向こうの方々はどういう目で、地球を見つめているんだと。そういうことに気が付いてほしい。地球人へのメッセージでも実はある」
■政治の中でも議論 通称「UFO議連」
地球外生命体への期待が高まっていく中、そのような“未知なるもの”に対する議論は、政治の中でも…。
【石破茂前総理】「(UFOが)いるかいないかは知りません。ないと断言できない以上、それはあるというふうに考えた方がいい」
石破前総理がこう話したのは3月31日に行われた、通称「UFO議連」の総会です。
2024年に超党派で設立されたこの議連では、現在では「UAP」と呼ばれるようになった「未確認異常現象」について、安全保障の観点から議論しています。

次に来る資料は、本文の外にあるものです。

lemma bounded_comp_op_if_bounded_diff_comp_op:
  assumes maps: "\<phi> ` ball 0 1 \<subseteq> ball 0 1"
    and bounded: "bounded_op (in_Sp p) (Sp_norm p) (in_Sp p) (Sp_norm p) (diff_comp_op \<phi>)"
  shows "bounded_op (in_Hp p) (Hp_norm p) (in_Sp p) (Sp_norm p) (comp_op \<phi>)"
proof -
  obtain C where mem: "\<And>f. in_Sp p f \<Longrightarrow> in_Sp p (diff_comp_op \<phi> f)"
    and le: "\<And>f. in_Sp p f \<Longrightarrow> Sp_norm p (diff_comp_op \<phi> f) \<le> C * Sp_norm p f"
    using bounded unfolding bounded_op_def by blast
  have "in_Sp p (comp_op \<phi> g) \<and> Sp_norm p (comp_op \<phi> g) \<le> C * Hp_norm p g"
    if g: "in_Hp p g" for g
  proof -
    obtain F where F: "in_Sp p F" "Sp_norm p F = Hp_norm p g"
      and dF: "\<And>z. z \<in> ball 0 1 \<Longrightarrow> deriv F z = g z"
      using Hp_primitive_in_Sp[OF g] by blast
    have eq: "diff_comp_op \<phi> F z = comp_op \<phi> g z" if "z \<in> ball 0 1" for z
    proof -
      have "\<phi> z \<in> ball 0 1"
        using maps that by blast
      then show ?thesis
        using dF by (simp add: diff_comp_op_def comp_op_def)
    qed
    show ?thesis
      using mem[OF F(1)] le[OF F(1)] F(2) in_Sp_cong[OF eq] Sp_norm_cong[OF eq] by simp
  qed
  then show ?thesis
    unfolding bounded_op_def by blast
qed

lemma bounded_diff_comp_op_if_bounded_comp_op:
  assumes "bounded_op (in_Hp p) (Hp_norm p) (in_Sp p) (Sp_norm p) (comp_op \<phi>)"
  shows "bounded_op (in_Sp p) (Sp_norm p) (in_Sp p) (Sp_norm p) (diff_comp_op \<phi>)"
proof -
  obtain C where mem: "\<And>g. in_Hp p g \<Longrightarrow> in_Sp p (comp_op \<phi> g)"
    and le: "\<And>g. in_Hp p g \<Longrightarrow> Sp_norm p (comp_op \<phi> g) \<le> C * Hp_norm p g"
    using assms unfolding bounded_op_def by blast
  have "in_Sp p (diff_comp_op \<phi> f) \<and> Sp_norm p (diff_comp_op \<phi> f) \<le> max C 0 * Sp_norm p f"
    if f: "in_Sp p f" for f
  proof -
    have f': "in_Hp p (deriv f)"
      using f unfolding in_Sp_def by simp
    have "C * Hp_norm p (deriv f) \<le> max C 0 * Hp_norm p (deriv f)"
      by (intro mult_right_mono) (auto simp: Hp_norm_def)
    also have "\<dots> \<le> max C 0 * Sp_norm p f"
      unfolding Sp_norm_def by (intro mult_left_mono) auto
    finally show ?thesis
      using mem[OF f'] le[OF f'] unfolding diff_comp_op_def comp_op_def by simp
  qed
  then show ?thesis
    unfolding bounded_op_def by blast
qed

lemma bounded_comp_diff_op_if_bounded_comp_op:
  assumes "bounded_op (in_Hp p) (Hp_norm p) (in_Sp p) (Sp_norm p) (comp_op \<phi>)"
  shows "bounded_op (in_Hp p) (Hp_norm p) (in_Hp p) (Hp_norm p) (comp_diff_op \<phi>)"
proof -
  obtain C where mem: "\<And>g. in_Hp p g \<Longrightarrow> in_Sp p (comp_op \<phi> g)"
    and le: "\<And>g. in_Hp p g \<Longrightarrow> Sp_norm p (comp_op \<phi> g) \<le> C * Hp_norm p g"
    using assms unfolding bounded_op_def by blast
  have "in_Hp p (comp_diff_op \<phi> g) \<and> Hp_norm p (comp_diff_op \<phi> g) \<le> C * Hp_norm p g"
    if "in_Hp p g" for g
  proof -
    have "Hp_norm p (deriv (g \<circ> \<phi>)) \<le> Sp_norm p (g \<circ> \<phi>)"
      unfolding Sp_norm_def by simp
    then show ?thesis
      using mem[OF that] le[OF that]
      unfolding comp_diff_op_def comp_op_def in_Sp_def by simp
  qed
  then show ?thesis
    unfolding bounded_op_def by blast
qed

lemma bounded_comp_op_if_bounded_comp_diff_op:
  assumes p: "p \<ge> 1" and \<phi>: "self_map_disk \<phi>"
    and bounded: "bounded_op (in_Hp p) (Hp_norm p) (in_Hp p) (Hp_norm p) (comp_diff_op \<phi>)"
  shows "bounded_op (in_Hp p) (Hp_norm p) (in_Sp p) (Sp_norm p) (comp_op \<phi>)"
proof -
  obtain C where mem: "\<And>g. in_Hp p g \<Longrightarrow> in_Hp p (comp_diff_op \<phi> g)"
    and le: "\<And>g. in_Hp p g \<Longrightarrow> Hp_norm p (comp_diff_op \<phi> g) \<le> C * Hp_norm p g"
    using bounded unfolding bounded_op_def by blast
  have hol: "\<phi> holomorphic_on ball 0 1" and maps: "\<phi> ` ball 0 1 \<subseteq> ball 0 1"
    using \<phi> unfolding self_map_disk_def by auto
  have \<phi>0: "\<phi> 0 \<in> ball 0 1"
    using maps by force
  define K where "K = 2 * (1 + norm (\<phi> 0)) / (1 - norm (\<phi> 0))"
  have "in_Sp p (comp_op \<phi> g) \<and> Sp_norm p (comp_op \<phi> g) \<le> (K + C) * Hp_norm p g"
    if g: "in_Hp p g" for g
  proof -
    have "g holomorphic_on ball 0 1"
      using g unfolding in_Hp_def by simp
    then have "comp_op \<phi> g holomorphic_on ball 0 1"
      unfolding comp_op_def using hol maps by (intro holomorphic_on_compose_gen)
    moreover have "norm (g (\<phi> 0)) \<le> K * Hp_norm p g"
      unfolding K_def using \<phi>0 by (intro norm_le_Hp_norm[OF g p]) simp
    ultimately show ?thesis
      using mem[OF g] le[OF g]
      unfolding in_Sp_def Sp_norm_def comp_diff_op_def comp_op_def by (simp add: algebra_simps)
  qed
  then show ?thesis
    unfolding bounded_op_def by blast
qed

総会では、去年7月に佐賀県の玄海原発で目撃された、“ドローンの可能性がある”不審な光に対する政府対応について話し合われ、さらには…。
【UFO議連 浜田靖一会長】「本年2月10日にトランプ大統領が、UAPに関する全ての政府情報の特定と、公開プロセスを開始するよう指示をだした」
ことし2月、アメリカではトランプ大統領が、「地球外生命体などに関する政府文書の公開を開始する」と発表していて、それを受けた日本政府の対応についても議論されました。
議連の会長補佐を務める浅川義治さんは、“宇宙人の存在を前提にした議論ではない”とした上で、UAPに対する「政府の専門機関を設置すべき」と話します。
■UAPに対する日本のスタンス 幅広い議論が必要な時代に
【UFO議連 浅川義治会長補佐】「UAPについてアメリカでは、法律も作られて積極的に取り組んでいるが、日本の場合は“国民に報告することはない”というスタンスが続いたままなので、国会でも十分な議論ができていない。
なんらかの判別できないものが現れた場合の、対処・情報集約をいち早く、緊急体制をとれるようにすることが、まずはスタート」
月の裏側を目撃し、次は火星を目指す人類。
「未知の世界」がすぐそこまで迫るなか、幅広い議論が必要な時代に突入しています。